theorem mainTheorem8:
  fixes V :: "'v set" and E :: "'e set" and ends :: "'e \<Rightarrow> 'v set"
    and c :: "'e \<Rightarrow> 'v \<Rightarrow> bool"
  assumes "W_state V E ends c"
    and "\<forall>e\<in>mono_edges E ends c. \<forall>v\<in>ends e. \<not> c e v"
  shows "card (components V (mono_edges E ends c) ends) = 2 \<and>
    (\<forall>C\<in>components V (mono_edges E ends c) ends.
       factor_critical C {e \<in> mono_edges E ends c. ends e \<subseteq> C} ends)"
proof -
  interpret near_perfect_graph V "mono_edges E ends c" ends
  proof
    show "multigraph V (mono_edges E ends c) ends"
      using assms(1) by (simp add: W_state_def multigraph_mono_edges)
    show "covered ends M \<noteq> V" if "matching (mono_edges E ends c) ends M" for M
      using W_state_no_perfect_mono_matching[OF assms(1) that] .
    show "\<exists>N x. matching (mono_edges E ends c) ends N \<and> x \<noteq> v \<and> V - covered ends N = {v, x}"
      if "v \<in> V" for v
      using W_state_near_perfect_mono_matching[OF assms that] .
  qed
  show ?thesis
    using card_components factor_critical_component
    by (auto simp: components_eq_image_component)
qed

end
--------------------
Task to carry out.
From the line with "ends) = 2 \<and>" to the final line of the entries above, return every line exactly as written.

Expected answer.
  shows "card (components V (mono_edges E ends c) ends) = 2 \<and>
    (\<forall>C\<in>components V (mono_edges E ends c) ends.
       factor_critical C {e \<in> mono_edges E ends c. ends e \<subseteq> C} ends)"
proof -
  interpret near_perfect_graph V "mono_edges E ends c" ends
  proof
    show "multigraph V (mono_edges E ends c) ends"
      using assms(1) by (simp add: W_state_def multigraph_mono_edges)
    show "covered ends M \<noteq> V" if "matching (mono_edges E ends c) ends M" for M
      using W_state_no_perfect_mono_matching[OF assms(1) that] .
    show "\<exists>N x. matching (mono_edges E ends c) ends N \<and> x \<noteq> v \<and> V - covered ends N = {v, x}"
      if "v \<in> V" for v
      using W_state_near_perfect_mono_matching[OF assms that] .
  qed
  show ?thesis
    using card_components factor_critical_component
    by (auto simp: components_eq_image_component)
qed

end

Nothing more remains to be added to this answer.